[Task]:
Starting at the line that contains "using assms(2) by simp", repeat each line exactly until the records end, keeping both the first and the last.

(Saved entries)
--

lemma step_sum_add:
  assumes "step_sum n S k x" "step_sum n S l y"
  shows "step_sum n S (k + l) (x + y)"
proof -
  obtain xs where "length xs = k" "set xs \<subseteq> S" "[int (sum_list xs) = x] (mod int n)"
    using assms(1) unfolding step_sum_def by blast
  moreover obtain ys where "length ys = l" "set ys \<subseteq> S" "[int (sum_list ys) = y] (mod int n)"
    using assms(2) unfolding step_sum_def by blast
  ultimately show ?thesis
    unfolding step_sum_def by (intro exI[of _ "xs @ ys"]) (auto intro: cong_add)
qed

lemma step_sum_sum:
  assumes "finite A" "\<And>a. a \<in> A \<Longrightarrow> step_sum n S (k a) (x a)"
  shows "step_sum n S (\<Sum>a\<in>A. k a) (\<Sum>a\<in>A. x a)"
  using assms by (induction A rule: finite_induct) (auto simp: step_sum_0_iff intro: step_sum_add)

lemma step_sum_1_of_gcd:
  assumes "d < n" "Gn n d \<subseteq> S" "gcd y (int n) = int d"
  shows "step_sum n S 1 y"
proof -
  define s where "s = nat (y mod int n)"
  have s: "int s = y mod int n"
    unfolding s_def using assms(1) by simp
  have "gcd (int s) (int n) = int d"
    unfolding s using assms(3) by (metis gcd.commute gcd_red_int)
  then have "gcd s n = d"
    by (metis gcd_int_int_eq of_nat_eq_iff)
  moreover have "s \<noteq> 0"
    using \<open>gcd s n = d\<close> assms(1) by (cases "s = 0") auto
  moreover have "s < n"
    using s assms(1) by (metis of_nat_0_less_iff of_nat_less_iff order.strict_trans1 pos_mod_bound zero_le)
  ultimately have "s \<in> S"
    using assms(2) unfolding Gn_def by auto
  moreover have "[int s = y] (mod int n)"
    unfolding s by (simp add: cong_def)
  ultimately show ?thesis
    unfolding step_sum_1_iff by blast
qed

lemma Gn_subset_lessThan: "Gn n d \<subseteq> {..<n}"
  by (auto simp: Gn_def)

lemma circ_walk_imp_step_sum:
  assumes "0 < n" "circ_walk n S k i j"
  shows "step_sum n S k (int i - int j)"
proof -
  obtain f where f: "f 0 = i" "f k = j" "\<And>t. t < k \<Longrightarrow> circ_adj n S (f t) (f (Suc t))"
    using assms(2) unfolding circ_walk_def by blast
  define step where "step t = nat ((int (f t) - int (f (Suc t))) mod int n)" for t
  have step: "int (step t) = (int (f t) - int (f (Suc t))) mod int n" for t
    unfolding step_def using assms(1) by simp
  have "int (sum_list (map step [0..<k])) = (\<Sum>t<k. (int (f t) - int (f (Suc t))) mod int n)"
    by (simp add: sum_list_distinct_conv_sum_set atLeast0LessThan step)
  also have "[\<dots> = (\<Sum>t<k. int (f t) - int (f (Suc t)))] (mod int n)"
    by (intro cong_sum) (simp add: cong_def)
  also have "(\<Sum>t<k. int (f t) - int (f (Suc t))) = int i - int j"
    using sum_lessThan_telescope'[of "\<lambda>t. int (f t)" k] f(1,2) by simp
  finally have "[int (sum_list (map step [0..<k])) = int i - int j] (mod int n)" .
  moreover have "set (map step [0..<k]) \<subseteq> S"
    using f(3) by (auto simp: step_def circ_adj_def)
  ultimately show ?thesis
    unfolding step_sum_def by (intro exI[of _ "map step [0..<k]"]) simp
qed

lemma step_sum_imp_circ_walk:
  assumes "i < n" "j < n" "S \<subseteq> {..<n}" "step_sum n S k (int i - int j)"
  shows "circ_walk n S k i j"
proof -
  obtain xs where xs: "length xs = k" "set xs \<subseteq> S" "[int (sum_list xs) = int i - int j] (mod int n)"
    using assms(4) unfolding step_sum_def by blast
  define f where "f t = nat ((int i - int (sum_list (take t xs))) mod int n)" for t
  have f: "int (f t) = (int i - int (sum_list (take t xs))) mod int n" for t
    unfolding f_def using assms(1) by simp
  have f_less: "f t < n" for t
    using f assms(1) by (metis of_nat_0_less_iff of_nat_less_iff order.strict_trans1 pos_mod_bound zero_le)
  have "f 0 = i"
    unfolding f_def using assms(1) by simp
  moreover have "f k = j"
  proof -
    have "[int i - int (sum_list xs) = int i - (int i - int j)] (mod int n)"
      by (intro cong_diff cong_refl xs(3))
    then show ?thesis
      using xs(1) assms(2) unfolding f_def by (simp add: cong_def)
  qed
  moreover have "circ_adj n S (f t) (f (Suc t))" if "t < k" for t
  proof -
    have take: "take (Suc t) xs = take t xs @ [xs ! t]"
      using that xs(1) by (simp add: take_Suc_conv_app_nth)
    have "xs ! t \<in> S"
      using that xs(1,2) by auto
    moreover have "(int (f t) - int (f (Suc t))) mod int n = int (xs ! t)"
      using \<open>xs ! t \<in> S\<close> assms(3) unfolding f take by (auto simp: mod_diff_eq)
    ultimately show ?thesis
      unfolding circ_adj_def using f_less by simp
  qed
  ultimately show ?thesis
    unfolding circ_walk_def by blast
qed

lemma circ_dist_le: "circ_walk n S k i j \<Longrightarrow> circ_dist n S i j \<le> enat k"
  unfolding circ_dist_def by (auto intro: Least_le)

lemma circ_dist_eqI:
  "circ_walk n S k i j \<Longrightarrow> (\<And>l. circ_walk n S l i j \<Longrightarrow> k \<le> l) \<Longrightarrow> circ_dist n S i j = enat k"
  unfolding circ_dist_def by (auto intro!: Least_equality)

lemma circ_diameter_eqI:
  assumes S: "S \<subseteq> {..<n}"
    and upper: "\<And>x. \<exists>k\<le>D. step_sum n S k x"
    and ij: "i < n" "j < n"
    and lower: "\<And>k. step_sum n S k (int i - int j) \<Longrightarrow> D \<le> k"
  shows "circ_diameter n S = enat D"
proof -
  have walk: "\<exists>k\<le>D. circ_walk n S k i' j'" if "i' < n" "j' < n" for i' j'
    using upper[of "int i' - int j'"] step_sum_imp_circ_walk[OF that S] by blast
  have lower_walk: "D \<le> k" if "circ_walk n S k i j" for k
    using lower circ_walk_imp_step_sum[OF _ that] ij by simp
  have "circ_dist n S i j = enat D"
    using walk[OF ij] lower_walk by (metis circ_dist_eqI le_antisym)
  moreover have "circ_dist n S i' j' \<le> enat D" if "i' < n" "j' < n" for i' j'
    using walk[OF that] circ_dist_le by (meson enat_ord_simps(1) order_trans)
  ultimately show ?thesis
    unfolding circ_diameter_def using ij by (intro cSup_eq_maximum) (force, blast)
qed

lemma even_eq_add_odd_not_dvd:
  fixes a :: int
  assumes "even a" "3 \<le> p"
  obtains u v where "a = u + v" "odd u" "odd v" "\<not> int p dvd u" "\<not> int p dvd v"
proof -
  have "int p \<ge> 3"
    using assms(2) by simp
  then have not_dvd: "\<not> int p dvd 1" "\<not> int p dvd -1" "\<not> int p dvd 2"
    by (auto dest: zdvd_imp_le)
  show thesis
  proof (cases "int p dvd a - 1")
    case True
    then have "\<not> int p dvd a + 1"
      using not_dvd(3) dvd_diff[of "int p" "a + 1" "a - 1"] by auto
    then show thesis
      using that[of "-1" "a + 1"] assms(1) not_dvd(2) by simp
  next
    case False
    then show thesis
      using that[of 1 "a - 1"] assms(1) not_dvd(1) by simp
  qed
qed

--

[Result of this task]:
    using assms(2) by simp
  then have not_dvd: "\<not> int p dvd 1" "\<not> int p dvd -1" "\<not> int p dvd 2"
    by (auto dest: zdvd_imp_le)
  show thesis
  proof (cases "int p dvd a - 1")
    case True
    then have "\<not> int p dvd a + 1"
      using not_dvd(3) dvd_diff[of "int p" "a + 1" "a - 1"] by auto
    then show thesis
      using that[of "-1" "a + 1"] assms(1) not_dvd(2) by simp
  next
    case False
    then show thesis
      using that[of 1 "a - 1"] assms(1) not_dvd(1) by simp
  qed
qed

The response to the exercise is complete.